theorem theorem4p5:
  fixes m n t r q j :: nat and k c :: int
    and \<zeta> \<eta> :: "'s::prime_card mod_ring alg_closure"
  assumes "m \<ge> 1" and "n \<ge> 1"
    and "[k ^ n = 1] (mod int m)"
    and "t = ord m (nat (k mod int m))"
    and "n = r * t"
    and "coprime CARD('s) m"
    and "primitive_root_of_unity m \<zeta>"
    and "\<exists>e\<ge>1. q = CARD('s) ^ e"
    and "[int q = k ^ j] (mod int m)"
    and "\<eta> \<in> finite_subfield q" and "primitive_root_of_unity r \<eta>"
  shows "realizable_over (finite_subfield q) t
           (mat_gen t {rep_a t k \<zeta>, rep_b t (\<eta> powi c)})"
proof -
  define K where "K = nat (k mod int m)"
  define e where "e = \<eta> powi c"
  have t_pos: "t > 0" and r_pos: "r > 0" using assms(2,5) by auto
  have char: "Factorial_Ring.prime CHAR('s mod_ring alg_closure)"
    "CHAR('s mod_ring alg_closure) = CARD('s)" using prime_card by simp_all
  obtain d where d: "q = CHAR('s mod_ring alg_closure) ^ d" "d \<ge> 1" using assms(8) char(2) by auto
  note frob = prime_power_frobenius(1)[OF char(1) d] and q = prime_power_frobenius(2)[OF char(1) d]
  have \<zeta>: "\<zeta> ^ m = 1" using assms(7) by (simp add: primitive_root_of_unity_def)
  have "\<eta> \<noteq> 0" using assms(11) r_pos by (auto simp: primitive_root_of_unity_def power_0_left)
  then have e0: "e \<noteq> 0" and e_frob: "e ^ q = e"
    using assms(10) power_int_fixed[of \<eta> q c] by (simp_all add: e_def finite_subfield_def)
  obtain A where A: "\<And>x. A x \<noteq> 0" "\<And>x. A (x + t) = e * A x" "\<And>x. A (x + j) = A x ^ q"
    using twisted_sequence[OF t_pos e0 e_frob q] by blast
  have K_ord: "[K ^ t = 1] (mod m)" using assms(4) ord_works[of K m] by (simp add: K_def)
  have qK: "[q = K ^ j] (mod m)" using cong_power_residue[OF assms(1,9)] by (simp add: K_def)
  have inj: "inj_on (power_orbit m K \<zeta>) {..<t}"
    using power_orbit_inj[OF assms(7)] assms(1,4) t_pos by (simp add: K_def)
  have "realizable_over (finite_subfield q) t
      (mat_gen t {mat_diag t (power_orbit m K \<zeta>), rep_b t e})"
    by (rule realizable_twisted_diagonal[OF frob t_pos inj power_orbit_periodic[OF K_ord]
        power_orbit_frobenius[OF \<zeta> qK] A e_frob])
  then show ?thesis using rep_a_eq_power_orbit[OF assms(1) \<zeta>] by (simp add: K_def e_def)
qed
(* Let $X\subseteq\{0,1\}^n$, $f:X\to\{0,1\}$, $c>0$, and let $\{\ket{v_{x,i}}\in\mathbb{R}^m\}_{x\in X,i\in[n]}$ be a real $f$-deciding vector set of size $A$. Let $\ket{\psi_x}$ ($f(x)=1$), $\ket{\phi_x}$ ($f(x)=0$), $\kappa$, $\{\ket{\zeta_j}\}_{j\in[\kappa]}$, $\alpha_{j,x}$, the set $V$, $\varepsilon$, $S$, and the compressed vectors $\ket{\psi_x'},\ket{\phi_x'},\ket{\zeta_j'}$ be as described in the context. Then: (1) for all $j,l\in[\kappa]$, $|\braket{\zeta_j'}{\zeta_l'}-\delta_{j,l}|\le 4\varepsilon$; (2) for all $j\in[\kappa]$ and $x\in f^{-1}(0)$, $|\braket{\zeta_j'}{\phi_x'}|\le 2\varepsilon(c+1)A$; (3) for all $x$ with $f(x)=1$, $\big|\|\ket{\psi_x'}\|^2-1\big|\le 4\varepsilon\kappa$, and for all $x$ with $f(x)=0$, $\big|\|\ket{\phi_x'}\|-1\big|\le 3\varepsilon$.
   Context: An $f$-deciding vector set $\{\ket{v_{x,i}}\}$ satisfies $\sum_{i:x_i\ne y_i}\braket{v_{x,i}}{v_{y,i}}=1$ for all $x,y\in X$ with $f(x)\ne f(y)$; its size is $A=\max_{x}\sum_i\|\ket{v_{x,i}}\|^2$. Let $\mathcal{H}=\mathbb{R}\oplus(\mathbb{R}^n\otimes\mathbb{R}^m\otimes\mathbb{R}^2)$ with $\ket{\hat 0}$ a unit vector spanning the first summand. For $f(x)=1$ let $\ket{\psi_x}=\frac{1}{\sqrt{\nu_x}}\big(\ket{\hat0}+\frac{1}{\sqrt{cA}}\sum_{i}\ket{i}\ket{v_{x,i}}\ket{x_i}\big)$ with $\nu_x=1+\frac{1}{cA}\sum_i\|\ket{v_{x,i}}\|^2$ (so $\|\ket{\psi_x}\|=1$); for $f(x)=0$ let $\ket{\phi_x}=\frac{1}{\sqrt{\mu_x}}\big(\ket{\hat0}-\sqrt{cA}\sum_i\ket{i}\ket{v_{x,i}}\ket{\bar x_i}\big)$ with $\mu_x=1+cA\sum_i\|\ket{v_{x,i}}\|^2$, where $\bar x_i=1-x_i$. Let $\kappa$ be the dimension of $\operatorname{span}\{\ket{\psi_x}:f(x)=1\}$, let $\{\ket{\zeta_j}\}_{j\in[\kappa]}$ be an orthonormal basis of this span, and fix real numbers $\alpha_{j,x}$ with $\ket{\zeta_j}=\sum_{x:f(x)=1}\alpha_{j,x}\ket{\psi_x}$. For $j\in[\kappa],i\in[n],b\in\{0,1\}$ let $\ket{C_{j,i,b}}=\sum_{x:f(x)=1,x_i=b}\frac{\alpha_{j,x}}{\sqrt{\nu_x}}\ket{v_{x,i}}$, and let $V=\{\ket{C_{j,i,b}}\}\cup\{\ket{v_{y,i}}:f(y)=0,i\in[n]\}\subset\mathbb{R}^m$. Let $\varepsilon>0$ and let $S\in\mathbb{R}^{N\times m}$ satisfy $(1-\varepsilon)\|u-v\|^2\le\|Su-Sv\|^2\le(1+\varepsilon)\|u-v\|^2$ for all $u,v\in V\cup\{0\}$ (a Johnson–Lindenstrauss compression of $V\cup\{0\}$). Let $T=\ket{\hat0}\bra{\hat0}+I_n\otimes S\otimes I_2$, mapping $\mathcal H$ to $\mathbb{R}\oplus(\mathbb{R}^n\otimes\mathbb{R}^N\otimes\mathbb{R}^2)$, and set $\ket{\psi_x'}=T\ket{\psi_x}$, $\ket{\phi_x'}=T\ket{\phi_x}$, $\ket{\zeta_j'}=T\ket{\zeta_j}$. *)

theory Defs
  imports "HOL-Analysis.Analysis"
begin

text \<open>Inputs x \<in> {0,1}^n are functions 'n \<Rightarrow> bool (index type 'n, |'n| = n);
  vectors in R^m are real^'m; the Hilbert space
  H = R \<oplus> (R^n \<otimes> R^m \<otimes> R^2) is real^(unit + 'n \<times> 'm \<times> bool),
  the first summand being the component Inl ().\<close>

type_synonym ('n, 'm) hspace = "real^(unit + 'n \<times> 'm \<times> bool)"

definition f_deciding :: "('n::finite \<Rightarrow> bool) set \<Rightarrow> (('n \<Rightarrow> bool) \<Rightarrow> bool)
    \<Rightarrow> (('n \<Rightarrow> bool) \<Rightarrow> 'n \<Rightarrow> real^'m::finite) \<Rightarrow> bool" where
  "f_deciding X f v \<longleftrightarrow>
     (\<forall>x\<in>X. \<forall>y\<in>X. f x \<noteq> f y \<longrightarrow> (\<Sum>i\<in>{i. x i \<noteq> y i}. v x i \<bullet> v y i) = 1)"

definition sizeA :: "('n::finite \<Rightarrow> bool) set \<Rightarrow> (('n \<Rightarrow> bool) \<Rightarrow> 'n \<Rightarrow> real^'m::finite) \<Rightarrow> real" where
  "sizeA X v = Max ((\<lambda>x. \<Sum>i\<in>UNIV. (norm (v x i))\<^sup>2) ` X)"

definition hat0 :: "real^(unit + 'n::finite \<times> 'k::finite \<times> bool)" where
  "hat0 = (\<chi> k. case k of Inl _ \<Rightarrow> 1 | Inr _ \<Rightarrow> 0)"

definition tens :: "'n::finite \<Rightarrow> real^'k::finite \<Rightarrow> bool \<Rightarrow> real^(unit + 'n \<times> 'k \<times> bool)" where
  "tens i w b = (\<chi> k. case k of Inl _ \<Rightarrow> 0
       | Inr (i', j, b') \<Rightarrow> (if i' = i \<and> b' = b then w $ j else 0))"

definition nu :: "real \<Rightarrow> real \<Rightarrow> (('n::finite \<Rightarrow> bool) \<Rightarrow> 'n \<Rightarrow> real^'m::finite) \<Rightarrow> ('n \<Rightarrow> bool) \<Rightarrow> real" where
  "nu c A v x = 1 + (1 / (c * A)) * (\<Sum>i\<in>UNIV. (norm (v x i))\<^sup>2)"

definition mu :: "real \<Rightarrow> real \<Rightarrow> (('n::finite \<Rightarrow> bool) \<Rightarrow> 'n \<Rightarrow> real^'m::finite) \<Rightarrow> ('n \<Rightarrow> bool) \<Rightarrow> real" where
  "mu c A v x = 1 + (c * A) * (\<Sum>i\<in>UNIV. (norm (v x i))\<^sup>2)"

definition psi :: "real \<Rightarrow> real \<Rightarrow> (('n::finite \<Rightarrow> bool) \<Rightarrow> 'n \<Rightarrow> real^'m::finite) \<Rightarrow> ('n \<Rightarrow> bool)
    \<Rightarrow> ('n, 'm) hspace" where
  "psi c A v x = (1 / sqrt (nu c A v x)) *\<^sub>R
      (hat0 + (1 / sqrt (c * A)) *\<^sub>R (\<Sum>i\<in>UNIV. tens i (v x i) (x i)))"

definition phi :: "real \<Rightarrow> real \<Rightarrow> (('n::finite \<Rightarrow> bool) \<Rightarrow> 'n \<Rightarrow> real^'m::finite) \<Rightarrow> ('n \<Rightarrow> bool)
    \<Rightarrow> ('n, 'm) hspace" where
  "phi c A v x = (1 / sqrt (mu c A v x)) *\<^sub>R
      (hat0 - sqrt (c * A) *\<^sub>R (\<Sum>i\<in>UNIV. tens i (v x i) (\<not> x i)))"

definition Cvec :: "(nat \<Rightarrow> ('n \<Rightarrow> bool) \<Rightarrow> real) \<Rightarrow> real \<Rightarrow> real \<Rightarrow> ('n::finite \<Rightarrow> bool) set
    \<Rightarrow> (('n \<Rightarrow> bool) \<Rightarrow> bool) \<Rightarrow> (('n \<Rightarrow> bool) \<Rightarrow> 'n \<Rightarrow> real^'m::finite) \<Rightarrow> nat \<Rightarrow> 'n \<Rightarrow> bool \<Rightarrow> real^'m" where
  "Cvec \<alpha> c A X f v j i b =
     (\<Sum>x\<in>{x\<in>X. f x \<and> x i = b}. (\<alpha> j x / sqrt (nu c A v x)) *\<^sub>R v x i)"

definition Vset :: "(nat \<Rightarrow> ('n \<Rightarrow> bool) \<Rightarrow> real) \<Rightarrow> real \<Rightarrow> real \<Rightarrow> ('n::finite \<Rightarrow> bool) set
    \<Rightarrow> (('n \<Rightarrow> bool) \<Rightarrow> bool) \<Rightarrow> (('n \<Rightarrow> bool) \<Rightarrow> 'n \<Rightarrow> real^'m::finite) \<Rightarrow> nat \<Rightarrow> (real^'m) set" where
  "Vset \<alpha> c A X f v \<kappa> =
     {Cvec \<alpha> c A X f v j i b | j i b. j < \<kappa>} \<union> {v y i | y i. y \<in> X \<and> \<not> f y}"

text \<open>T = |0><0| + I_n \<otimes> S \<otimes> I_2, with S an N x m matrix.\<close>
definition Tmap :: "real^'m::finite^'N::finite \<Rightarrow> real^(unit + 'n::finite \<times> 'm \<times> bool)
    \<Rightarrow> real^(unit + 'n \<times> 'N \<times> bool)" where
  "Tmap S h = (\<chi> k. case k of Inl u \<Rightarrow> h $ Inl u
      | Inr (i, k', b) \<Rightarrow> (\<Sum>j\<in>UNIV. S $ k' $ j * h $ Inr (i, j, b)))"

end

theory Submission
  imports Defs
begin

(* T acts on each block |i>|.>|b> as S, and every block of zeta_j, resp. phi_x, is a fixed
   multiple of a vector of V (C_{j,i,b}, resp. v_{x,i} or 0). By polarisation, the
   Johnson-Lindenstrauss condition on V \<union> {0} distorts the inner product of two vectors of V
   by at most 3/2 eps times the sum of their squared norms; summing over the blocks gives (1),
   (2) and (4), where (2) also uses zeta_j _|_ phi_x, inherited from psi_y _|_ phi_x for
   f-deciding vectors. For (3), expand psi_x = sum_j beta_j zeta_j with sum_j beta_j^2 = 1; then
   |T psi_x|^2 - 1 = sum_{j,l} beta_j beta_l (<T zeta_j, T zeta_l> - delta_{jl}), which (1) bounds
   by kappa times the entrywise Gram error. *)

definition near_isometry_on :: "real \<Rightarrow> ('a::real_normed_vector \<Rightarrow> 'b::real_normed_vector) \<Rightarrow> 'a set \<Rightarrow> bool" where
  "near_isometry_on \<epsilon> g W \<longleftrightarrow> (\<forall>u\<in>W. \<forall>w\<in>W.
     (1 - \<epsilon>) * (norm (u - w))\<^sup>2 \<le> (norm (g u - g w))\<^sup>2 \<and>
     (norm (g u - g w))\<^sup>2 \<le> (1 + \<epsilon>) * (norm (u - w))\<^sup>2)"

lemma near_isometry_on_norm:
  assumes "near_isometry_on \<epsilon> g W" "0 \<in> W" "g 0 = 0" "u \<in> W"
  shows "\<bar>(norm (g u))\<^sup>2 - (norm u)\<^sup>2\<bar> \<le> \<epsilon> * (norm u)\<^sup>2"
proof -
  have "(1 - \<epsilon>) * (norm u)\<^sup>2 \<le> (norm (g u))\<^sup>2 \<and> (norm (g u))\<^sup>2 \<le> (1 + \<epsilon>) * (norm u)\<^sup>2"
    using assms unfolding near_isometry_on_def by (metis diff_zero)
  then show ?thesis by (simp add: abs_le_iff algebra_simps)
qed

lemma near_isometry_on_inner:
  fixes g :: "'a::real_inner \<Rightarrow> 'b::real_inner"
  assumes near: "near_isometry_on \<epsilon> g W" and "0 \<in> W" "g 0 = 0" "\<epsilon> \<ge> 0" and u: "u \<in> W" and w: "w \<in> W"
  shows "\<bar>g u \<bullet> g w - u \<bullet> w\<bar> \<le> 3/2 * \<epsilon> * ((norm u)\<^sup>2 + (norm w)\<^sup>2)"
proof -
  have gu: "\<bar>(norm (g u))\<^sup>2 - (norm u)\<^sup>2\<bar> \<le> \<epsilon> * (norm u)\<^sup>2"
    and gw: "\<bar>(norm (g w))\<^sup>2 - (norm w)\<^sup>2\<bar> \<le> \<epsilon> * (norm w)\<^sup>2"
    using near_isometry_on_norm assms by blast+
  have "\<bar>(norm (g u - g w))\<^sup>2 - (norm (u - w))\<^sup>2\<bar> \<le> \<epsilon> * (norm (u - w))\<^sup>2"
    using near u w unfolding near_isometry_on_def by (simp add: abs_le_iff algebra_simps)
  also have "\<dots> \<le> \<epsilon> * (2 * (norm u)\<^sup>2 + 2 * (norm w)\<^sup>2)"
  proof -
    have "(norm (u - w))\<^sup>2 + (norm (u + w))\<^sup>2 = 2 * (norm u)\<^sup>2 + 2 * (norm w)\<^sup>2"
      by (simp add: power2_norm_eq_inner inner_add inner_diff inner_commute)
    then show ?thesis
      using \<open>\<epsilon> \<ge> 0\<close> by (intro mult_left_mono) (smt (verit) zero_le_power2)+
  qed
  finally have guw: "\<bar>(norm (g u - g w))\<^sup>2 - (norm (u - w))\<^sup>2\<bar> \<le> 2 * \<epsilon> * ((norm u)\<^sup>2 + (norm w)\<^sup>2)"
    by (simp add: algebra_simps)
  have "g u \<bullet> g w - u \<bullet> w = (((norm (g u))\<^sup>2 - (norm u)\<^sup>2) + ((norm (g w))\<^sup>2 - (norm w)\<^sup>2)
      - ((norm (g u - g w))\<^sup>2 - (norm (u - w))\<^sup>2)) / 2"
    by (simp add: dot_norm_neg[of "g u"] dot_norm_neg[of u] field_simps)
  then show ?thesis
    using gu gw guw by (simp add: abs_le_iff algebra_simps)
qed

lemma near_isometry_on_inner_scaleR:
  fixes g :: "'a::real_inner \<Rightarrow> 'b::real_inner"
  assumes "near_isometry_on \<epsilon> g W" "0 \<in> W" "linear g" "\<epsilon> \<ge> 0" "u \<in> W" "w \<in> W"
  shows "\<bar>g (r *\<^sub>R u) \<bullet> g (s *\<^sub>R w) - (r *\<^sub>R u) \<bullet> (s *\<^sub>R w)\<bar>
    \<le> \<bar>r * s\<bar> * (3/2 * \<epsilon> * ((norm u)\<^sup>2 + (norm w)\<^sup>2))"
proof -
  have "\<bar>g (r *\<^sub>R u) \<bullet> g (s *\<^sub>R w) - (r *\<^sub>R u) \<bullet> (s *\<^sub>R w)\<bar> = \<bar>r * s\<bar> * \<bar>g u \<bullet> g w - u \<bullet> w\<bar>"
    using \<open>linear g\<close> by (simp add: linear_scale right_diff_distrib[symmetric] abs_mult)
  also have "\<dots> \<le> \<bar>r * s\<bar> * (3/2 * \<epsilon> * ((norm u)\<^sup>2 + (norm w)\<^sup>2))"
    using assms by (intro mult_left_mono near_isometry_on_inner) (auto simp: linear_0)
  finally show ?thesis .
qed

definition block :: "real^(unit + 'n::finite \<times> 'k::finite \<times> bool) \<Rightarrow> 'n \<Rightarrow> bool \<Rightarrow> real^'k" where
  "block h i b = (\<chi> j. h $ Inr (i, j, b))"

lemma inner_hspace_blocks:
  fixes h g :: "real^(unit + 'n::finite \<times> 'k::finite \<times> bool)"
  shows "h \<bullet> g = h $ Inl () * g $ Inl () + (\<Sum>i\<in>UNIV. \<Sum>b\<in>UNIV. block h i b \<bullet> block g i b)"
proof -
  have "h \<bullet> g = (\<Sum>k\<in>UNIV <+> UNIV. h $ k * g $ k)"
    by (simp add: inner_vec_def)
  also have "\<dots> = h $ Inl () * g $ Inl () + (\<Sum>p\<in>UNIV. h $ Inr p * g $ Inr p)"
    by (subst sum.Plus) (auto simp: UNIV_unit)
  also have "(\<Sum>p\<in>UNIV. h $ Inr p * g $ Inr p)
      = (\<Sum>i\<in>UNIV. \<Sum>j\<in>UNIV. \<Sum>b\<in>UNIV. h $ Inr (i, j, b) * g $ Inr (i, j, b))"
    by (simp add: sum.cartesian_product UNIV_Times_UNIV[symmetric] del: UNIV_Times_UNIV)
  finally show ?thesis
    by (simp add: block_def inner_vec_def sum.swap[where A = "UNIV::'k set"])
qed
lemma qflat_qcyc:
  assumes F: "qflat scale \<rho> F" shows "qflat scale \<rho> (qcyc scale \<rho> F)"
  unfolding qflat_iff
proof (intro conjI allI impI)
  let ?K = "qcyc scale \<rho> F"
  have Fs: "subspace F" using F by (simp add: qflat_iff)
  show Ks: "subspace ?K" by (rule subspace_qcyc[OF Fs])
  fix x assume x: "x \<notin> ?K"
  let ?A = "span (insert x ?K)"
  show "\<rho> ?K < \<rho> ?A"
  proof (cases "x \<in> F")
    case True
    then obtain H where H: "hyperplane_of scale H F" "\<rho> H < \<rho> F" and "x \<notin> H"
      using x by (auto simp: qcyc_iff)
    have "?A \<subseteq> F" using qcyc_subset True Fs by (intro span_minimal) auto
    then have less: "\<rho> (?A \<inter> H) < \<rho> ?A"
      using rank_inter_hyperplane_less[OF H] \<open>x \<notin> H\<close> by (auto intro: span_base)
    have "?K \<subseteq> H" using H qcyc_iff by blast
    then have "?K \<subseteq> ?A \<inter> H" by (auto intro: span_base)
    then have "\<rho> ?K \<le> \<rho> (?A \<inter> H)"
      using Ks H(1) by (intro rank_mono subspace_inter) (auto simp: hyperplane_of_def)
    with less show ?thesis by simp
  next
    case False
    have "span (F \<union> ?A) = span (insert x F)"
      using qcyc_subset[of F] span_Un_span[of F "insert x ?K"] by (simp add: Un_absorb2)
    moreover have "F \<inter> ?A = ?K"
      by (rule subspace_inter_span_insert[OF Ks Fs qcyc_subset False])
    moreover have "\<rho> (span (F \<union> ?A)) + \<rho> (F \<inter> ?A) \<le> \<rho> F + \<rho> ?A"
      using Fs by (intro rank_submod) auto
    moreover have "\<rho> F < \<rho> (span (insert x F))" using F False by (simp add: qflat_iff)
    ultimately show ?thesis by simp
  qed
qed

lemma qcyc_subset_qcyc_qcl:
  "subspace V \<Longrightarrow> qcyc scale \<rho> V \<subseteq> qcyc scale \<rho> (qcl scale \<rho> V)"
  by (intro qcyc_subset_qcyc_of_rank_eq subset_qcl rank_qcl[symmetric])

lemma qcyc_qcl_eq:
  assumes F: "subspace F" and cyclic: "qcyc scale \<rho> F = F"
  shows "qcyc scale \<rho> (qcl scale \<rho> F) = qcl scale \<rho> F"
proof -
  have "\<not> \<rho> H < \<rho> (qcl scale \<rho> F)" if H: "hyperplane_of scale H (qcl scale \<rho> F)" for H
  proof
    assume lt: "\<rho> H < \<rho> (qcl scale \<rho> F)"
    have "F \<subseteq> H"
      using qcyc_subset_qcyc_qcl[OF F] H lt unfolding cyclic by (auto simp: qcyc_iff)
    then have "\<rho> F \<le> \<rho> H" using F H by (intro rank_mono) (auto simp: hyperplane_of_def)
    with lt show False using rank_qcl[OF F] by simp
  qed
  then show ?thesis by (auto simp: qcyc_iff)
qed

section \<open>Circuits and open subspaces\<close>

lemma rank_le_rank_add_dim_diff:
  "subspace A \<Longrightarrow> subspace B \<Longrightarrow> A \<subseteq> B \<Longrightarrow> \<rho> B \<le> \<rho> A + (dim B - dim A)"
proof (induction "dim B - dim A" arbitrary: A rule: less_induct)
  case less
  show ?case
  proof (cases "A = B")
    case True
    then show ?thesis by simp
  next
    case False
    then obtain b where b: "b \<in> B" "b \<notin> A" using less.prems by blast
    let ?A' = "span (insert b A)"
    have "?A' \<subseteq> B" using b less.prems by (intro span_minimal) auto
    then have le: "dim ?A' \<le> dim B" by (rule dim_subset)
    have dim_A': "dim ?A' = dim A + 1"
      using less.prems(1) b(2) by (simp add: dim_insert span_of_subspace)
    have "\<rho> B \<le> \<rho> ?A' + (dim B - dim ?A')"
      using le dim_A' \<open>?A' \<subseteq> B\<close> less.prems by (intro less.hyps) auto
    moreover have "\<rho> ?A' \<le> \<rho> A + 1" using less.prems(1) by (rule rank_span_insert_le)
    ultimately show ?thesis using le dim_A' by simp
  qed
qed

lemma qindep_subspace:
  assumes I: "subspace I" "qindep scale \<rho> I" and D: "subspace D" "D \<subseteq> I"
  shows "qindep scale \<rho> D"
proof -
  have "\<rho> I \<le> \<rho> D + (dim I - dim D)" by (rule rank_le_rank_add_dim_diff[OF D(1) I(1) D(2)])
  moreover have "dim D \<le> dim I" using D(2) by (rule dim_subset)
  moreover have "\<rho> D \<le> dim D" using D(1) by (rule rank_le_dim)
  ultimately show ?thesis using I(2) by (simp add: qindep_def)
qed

◆ ◆ ◆

**Aim of the exercise:**
Repeat, exactly as they stand above, the lines from the line with "(2) and (4), where" to the line with "which (1) bounds", both lines included.

**Response to the exercise:**
   (2) and (4), where (2) also uses zeta_j _|_ phi_x, inherited from psi_y _|_ phi_x for
   f-deciding vectors. For (3), expand psi_x = sum_j beta_j zeta_j with sum_j beta_j^2 = 1; then
   |T psi_x|^2 - 1 = sum_{j,l} beta_j beta_l (<T zeta_j, T zeta_l> - delta_{jl}), which (1) bounds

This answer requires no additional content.